Dataset records section start
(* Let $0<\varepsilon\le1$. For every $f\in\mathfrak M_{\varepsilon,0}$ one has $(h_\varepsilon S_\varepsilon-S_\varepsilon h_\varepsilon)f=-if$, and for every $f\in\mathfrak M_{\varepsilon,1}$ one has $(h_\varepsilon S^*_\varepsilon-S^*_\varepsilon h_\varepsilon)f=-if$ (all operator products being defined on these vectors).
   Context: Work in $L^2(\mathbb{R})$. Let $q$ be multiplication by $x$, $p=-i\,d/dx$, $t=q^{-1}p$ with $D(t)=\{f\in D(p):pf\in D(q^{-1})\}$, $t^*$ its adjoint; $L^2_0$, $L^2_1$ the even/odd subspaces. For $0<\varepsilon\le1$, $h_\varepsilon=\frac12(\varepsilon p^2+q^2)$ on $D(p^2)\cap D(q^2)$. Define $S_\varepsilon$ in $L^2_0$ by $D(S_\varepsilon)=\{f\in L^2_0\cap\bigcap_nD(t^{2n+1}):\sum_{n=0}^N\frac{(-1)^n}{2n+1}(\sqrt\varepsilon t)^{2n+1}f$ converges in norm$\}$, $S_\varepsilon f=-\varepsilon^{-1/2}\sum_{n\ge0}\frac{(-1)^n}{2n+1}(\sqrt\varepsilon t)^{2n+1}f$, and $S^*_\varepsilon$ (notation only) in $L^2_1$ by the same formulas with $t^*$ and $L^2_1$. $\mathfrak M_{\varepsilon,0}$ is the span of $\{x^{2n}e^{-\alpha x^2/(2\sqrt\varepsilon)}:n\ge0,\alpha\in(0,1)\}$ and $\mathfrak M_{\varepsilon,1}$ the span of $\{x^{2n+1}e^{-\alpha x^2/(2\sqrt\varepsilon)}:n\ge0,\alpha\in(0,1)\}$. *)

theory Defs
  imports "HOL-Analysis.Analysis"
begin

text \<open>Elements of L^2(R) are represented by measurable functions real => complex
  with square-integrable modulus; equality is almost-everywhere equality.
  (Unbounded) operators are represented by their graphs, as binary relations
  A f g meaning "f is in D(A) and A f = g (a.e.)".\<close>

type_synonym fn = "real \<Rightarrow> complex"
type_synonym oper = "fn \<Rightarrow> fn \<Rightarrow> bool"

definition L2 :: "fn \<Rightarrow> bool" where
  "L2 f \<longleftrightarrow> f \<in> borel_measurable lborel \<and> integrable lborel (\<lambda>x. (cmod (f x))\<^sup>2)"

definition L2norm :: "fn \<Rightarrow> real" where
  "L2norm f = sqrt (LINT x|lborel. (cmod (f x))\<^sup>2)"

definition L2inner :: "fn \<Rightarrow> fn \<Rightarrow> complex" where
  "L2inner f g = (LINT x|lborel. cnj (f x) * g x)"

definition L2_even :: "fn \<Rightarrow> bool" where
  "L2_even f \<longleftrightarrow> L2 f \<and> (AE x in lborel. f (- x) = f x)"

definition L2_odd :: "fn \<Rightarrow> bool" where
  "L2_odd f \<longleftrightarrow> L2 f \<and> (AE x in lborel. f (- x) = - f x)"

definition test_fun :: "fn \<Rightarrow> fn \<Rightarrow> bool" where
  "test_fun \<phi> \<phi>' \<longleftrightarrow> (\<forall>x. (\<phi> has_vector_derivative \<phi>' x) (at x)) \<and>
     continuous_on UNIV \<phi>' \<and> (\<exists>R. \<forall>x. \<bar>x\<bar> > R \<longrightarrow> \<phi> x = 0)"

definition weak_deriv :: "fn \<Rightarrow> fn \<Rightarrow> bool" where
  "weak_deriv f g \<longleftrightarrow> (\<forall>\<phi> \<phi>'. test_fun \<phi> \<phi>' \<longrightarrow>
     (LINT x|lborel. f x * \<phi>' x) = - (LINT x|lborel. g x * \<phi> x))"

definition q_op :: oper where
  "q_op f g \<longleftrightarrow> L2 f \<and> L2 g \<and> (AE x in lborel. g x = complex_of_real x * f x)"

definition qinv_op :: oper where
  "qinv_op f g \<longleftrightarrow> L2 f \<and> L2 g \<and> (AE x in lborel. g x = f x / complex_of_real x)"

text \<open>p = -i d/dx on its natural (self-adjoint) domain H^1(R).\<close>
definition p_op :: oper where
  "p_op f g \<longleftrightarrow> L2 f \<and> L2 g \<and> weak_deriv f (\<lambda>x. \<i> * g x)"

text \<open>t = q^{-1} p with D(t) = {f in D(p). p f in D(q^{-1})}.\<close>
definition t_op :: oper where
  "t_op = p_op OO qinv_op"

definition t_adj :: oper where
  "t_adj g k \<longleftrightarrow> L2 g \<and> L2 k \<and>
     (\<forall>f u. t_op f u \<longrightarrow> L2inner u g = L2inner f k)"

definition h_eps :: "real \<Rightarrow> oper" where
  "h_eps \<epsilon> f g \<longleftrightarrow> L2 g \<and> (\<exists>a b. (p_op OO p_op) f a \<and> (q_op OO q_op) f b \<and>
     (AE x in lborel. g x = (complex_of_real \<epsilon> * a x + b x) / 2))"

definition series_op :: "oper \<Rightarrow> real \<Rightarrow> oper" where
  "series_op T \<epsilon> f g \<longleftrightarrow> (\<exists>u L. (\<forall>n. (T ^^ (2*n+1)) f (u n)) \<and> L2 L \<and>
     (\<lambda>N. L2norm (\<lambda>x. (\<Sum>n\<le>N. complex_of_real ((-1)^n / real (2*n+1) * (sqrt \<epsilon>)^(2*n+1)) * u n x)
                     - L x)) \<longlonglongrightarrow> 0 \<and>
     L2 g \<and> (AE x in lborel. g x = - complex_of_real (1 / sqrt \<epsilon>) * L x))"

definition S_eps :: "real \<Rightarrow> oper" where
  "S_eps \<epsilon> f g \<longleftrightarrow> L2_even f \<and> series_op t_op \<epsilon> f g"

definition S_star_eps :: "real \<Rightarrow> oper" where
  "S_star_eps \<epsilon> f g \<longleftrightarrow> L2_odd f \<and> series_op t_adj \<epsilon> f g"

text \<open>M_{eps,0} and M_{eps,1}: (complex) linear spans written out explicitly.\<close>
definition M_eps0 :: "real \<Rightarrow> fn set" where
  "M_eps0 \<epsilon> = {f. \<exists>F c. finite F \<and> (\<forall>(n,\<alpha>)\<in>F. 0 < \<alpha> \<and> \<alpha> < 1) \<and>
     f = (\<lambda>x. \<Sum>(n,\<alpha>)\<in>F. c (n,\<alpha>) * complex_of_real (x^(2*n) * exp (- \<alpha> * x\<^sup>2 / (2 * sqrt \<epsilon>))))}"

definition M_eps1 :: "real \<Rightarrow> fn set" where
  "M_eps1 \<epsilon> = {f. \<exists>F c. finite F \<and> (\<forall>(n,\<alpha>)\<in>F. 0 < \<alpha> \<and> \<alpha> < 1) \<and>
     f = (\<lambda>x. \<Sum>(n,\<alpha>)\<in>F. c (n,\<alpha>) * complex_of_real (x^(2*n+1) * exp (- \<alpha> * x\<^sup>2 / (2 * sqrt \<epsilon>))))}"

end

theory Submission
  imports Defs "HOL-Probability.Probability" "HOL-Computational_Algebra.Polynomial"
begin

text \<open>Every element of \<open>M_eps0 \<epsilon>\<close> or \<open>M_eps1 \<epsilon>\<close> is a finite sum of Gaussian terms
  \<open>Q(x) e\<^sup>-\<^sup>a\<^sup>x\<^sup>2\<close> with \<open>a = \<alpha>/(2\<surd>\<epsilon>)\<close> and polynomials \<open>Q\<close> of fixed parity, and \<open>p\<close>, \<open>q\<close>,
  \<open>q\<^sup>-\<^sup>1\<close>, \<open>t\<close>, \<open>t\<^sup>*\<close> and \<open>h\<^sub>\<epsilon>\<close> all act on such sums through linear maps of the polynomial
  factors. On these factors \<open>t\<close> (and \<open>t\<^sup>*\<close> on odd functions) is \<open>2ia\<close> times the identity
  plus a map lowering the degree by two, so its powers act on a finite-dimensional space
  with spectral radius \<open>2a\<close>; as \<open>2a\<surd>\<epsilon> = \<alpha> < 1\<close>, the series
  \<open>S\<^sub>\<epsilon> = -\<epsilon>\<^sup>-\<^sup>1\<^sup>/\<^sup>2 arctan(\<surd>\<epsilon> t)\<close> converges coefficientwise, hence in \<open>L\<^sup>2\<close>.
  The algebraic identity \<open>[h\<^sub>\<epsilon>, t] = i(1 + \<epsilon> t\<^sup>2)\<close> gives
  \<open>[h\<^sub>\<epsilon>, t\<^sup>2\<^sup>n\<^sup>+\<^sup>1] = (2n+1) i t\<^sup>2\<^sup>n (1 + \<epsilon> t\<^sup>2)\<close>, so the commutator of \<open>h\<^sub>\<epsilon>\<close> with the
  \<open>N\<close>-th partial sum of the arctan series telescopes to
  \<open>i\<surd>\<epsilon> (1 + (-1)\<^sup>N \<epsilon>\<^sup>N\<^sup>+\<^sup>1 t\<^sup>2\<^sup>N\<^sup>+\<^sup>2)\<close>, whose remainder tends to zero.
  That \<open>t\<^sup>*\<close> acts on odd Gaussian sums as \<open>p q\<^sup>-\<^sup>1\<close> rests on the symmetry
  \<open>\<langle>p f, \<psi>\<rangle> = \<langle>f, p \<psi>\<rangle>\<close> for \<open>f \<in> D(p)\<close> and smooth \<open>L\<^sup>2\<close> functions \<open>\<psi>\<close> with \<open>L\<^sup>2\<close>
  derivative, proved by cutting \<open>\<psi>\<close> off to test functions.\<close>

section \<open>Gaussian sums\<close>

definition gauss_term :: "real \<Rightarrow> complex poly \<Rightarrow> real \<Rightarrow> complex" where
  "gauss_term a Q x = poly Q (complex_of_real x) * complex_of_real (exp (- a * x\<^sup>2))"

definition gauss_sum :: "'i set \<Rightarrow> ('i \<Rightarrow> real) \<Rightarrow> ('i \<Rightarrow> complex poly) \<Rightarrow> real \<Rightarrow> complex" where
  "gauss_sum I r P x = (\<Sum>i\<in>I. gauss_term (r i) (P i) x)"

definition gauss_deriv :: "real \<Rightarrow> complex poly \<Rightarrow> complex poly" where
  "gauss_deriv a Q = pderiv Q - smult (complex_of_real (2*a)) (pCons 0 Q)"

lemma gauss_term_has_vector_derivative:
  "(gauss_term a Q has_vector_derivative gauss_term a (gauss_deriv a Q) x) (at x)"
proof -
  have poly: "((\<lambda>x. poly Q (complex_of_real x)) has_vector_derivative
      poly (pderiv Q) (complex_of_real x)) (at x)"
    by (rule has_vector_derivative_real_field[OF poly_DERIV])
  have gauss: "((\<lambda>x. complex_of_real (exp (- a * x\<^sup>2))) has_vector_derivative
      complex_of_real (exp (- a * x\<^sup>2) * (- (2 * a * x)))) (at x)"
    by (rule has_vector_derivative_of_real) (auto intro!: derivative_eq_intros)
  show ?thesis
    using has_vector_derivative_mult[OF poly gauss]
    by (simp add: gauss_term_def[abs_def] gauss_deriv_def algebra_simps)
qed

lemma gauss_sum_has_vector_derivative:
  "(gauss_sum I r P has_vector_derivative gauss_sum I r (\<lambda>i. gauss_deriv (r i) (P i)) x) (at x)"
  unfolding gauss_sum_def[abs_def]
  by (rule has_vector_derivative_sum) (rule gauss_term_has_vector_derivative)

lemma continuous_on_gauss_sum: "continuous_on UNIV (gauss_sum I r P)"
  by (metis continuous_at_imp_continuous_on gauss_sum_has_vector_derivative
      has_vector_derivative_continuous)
Dataset records section end
Dataset records section start
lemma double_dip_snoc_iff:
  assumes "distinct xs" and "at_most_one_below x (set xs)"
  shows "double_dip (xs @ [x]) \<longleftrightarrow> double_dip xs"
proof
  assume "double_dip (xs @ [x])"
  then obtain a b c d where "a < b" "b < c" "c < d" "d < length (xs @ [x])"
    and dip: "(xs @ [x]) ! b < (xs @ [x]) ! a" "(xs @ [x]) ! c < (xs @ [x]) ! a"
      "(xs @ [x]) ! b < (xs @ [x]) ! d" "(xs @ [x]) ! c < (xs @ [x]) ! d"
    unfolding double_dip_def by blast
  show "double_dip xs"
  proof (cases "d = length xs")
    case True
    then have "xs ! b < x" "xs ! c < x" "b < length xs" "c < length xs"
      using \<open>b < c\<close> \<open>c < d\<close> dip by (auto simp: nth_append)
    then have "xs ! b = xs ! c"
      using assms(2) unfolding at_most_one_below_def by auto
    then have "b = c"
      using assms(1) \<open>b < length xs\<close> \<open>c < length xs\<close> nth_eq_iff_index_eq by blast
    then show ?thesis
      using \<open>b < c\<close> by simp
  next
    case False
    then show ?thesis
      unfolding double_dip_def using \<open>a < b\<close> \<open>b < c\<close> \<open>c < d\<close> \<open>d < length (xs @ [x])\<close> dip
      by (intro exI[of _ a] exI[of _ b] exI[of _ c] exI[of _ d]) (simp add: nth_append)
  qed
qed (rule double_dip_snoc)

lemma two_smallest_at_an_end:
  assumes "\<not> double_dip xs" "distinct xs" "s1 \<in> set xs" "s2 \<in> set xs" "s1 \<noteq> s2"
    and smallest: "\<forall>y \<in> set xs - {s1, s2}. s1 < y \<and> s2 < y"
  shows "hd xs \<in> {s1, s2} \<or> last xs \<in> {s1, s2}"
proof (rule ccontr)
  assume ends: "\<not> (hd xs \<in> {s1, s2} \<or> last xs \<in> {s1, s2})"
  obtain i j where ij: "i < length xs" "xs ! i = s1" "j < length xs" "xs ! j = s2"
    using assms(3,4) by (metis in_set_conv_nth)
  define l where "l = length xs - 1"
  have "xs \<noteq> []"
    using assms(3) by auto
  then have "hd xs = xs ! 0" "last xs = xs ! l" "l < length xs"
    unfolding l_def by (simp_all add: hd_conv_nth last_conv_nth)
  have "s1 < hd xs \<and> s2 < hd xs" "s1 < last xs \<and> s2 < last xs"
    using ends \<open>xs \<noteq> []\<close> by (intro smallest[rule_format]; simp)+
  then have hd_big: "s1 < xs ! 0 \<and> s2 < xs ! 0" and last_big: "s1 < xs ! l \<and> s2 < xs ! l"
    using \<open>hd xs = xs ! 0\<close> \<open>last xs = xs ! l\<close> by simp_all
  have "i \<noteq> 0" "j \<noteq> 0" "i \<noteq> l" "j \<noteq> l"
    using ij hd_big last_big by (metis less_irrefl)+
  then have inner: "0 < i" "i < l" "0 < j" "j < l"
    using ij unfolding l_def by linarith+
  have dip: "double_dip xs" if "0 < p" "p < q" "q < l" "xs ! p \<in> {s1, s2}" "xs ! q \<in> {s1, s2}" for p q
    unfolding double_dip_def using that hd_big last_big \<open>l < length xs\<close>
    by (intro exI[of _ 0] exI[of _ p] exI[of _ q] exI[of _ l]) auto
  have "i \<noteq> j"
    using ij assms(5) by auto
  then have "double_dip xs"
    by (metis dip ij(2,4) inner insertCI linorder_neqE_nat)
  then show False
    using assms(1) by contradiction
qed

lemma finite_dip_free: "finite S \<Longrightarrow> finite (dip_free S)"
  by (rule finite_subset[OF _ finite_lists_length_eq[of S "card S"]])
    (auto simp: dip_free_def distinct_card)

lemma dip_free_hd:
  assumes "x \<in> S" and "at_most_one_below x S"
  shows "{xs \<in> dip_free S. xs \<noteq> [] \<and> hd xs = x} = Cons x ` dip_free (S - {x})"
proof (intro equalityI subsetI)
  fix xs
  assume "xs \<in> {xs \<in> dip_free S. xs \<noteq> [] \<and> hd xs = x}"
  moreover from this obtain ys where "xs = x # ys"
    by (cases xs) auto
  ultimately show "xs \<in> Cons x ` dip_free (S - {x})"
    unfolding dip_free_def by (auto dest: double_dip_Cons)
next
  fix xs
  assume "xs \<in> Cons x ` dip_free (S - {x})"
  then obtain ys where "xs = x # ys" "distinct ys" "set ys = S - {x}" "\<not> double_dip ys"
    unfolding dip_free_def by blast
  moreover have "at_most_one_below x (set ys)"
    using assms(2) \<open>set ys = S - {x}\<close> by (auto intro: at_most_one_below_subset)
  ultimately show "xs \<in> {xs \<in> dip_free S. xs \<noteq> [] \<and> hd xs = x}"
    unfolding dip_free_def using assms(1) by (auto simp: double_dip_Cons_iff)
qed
Dataset records section end
> Task goal: The number of lines in the data holding the string "functions" is the whole answer.

> Reply: 4